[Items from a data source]
☆ ☆ ☆ ☆
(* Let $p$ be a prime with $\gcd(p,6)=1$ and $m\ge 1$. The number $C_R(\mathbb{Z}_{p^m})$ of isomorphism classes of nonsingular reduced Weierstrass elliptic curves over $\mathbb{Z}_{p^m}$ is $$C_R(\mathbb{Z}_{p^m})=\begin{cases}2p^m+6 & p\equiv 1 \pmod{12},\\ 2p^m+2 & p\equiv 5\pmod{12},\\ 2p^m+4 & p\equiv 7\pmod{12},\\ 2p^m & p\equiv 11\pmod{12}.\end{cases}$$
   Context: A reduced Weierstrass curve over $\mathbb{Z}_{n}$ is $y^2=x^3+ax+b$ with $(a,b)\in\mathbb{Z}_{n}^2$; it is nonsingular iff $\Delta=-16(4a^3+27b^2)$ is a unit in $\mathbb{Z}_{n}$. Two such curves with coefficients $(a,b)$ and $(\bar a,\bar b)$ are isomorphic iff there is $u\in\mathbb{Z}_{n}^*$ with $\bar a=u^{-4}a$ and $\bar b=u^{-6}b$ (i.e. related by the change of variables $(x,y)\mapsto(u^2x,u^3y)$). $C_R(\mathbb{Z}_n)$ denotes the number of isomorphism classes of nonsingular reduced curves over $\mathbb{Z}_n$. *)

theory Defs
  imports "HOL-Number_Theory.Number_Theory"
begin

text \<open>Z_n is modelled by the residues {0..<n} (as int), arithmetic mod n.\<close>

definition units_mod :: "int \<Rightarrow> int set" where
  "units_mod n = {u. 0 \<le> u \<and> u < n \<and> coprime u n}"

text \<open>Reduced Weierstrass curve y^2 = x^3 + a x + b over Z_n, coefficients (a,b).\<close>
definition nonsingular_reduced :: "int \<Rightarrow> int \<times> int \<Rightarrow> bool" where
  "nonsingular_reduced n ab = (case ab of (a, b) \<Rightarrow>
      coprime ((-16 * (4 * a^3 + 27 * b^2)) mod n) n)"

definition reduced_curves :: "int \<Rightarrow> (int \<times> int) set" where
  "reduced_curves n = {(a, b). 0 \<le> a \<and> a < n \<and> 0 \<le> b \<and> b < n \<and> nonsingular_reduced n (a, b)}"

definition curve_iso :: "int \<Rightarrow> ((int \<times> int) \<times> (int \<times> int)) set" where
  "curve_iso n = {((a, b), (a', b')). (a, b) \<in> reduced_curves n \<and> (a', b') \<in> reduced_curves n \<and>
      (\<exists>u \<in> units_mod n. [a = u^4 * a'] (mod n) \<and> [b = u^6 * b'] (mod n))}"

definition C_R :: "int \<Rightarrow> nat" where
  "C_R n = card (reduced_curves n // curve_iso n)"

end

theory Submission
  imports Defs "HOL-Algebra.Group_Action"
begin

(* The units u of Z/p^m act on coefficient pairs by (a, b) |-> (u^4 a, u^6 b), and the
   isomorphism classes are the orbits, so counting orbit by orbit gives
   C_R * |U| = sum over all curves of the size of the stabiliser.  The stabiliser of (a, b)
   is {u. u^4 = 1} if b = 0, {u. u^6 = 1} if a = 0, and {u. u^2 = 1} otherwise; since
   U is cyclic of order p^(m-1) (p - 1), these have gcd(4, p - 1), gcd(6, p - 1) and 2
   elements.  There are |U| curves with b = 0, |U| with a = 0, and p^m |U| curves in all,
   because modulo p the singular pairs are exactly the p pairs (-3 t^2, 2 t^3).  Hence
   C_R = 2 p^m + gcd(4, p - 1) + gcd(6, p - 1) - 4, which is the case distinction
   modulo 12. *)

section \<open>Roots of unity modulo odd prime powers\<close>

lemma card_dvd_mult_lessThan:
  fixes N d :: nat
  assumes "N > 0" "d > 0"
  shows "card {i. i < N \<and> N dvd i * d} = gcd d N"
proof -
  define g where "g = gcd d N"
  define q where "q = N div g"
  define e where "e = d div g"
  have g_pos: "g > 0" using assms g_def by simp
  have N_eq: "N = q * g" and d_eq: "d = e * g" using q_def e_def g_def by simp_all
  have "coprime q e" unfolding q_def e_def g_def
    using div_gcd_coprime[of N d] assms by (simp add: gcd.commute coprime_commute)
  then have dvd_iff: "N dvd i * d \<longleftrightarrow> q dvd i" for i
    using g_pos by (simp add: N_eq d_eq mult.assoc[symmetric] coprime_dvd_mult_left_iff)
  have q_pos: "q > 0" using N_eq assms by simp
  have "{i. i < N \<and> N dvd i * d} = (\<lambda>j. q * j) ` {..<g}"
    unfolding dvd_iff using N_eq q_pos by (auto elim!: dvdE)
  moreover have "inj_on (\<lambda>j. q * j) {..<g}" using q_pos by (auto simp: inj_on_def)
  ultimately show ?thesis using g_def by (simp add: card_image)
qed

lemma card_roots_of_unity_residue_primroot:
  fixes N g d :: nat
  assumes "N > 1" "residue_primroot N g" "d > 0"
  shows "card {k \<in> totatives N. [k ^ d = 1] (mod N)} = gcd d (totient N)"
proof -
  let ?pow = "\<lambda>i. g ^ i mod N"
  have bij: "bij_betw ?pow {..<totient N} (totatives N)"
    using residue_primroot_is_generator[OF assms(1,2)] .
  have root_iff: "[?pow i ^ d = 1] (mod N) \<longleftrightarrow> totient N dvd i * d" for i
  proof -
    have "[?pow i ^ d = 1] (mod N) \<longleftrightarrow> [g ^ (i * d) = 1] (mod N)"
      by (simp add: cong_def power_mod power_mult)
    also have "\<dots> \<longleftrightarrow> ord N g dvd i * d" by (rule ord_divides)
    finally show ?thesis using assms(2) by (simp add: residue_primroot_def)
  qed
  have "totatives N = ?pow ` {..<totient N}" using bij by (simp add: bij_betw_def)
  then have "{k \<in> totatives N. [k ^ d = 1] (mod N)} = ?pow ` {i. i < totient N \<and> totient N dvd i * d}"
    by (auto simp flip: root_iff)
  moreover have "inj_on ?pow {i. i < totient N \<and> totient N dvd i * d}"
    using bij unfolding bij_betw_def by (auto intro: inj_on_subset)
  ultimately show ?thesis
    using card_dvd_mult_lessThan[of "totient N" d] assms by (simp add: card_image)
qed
☆ ☆ ☆ ☆
* Work order:
Go through the data above and copy each line in which "thesis" appears.

* Answer box:
  ultimately show ?thesis using g_def by (simp add: card_image)
    finally show ?thesis using assms(2) by (simp add: residue_primroot_def)
  ultimately show ?thesis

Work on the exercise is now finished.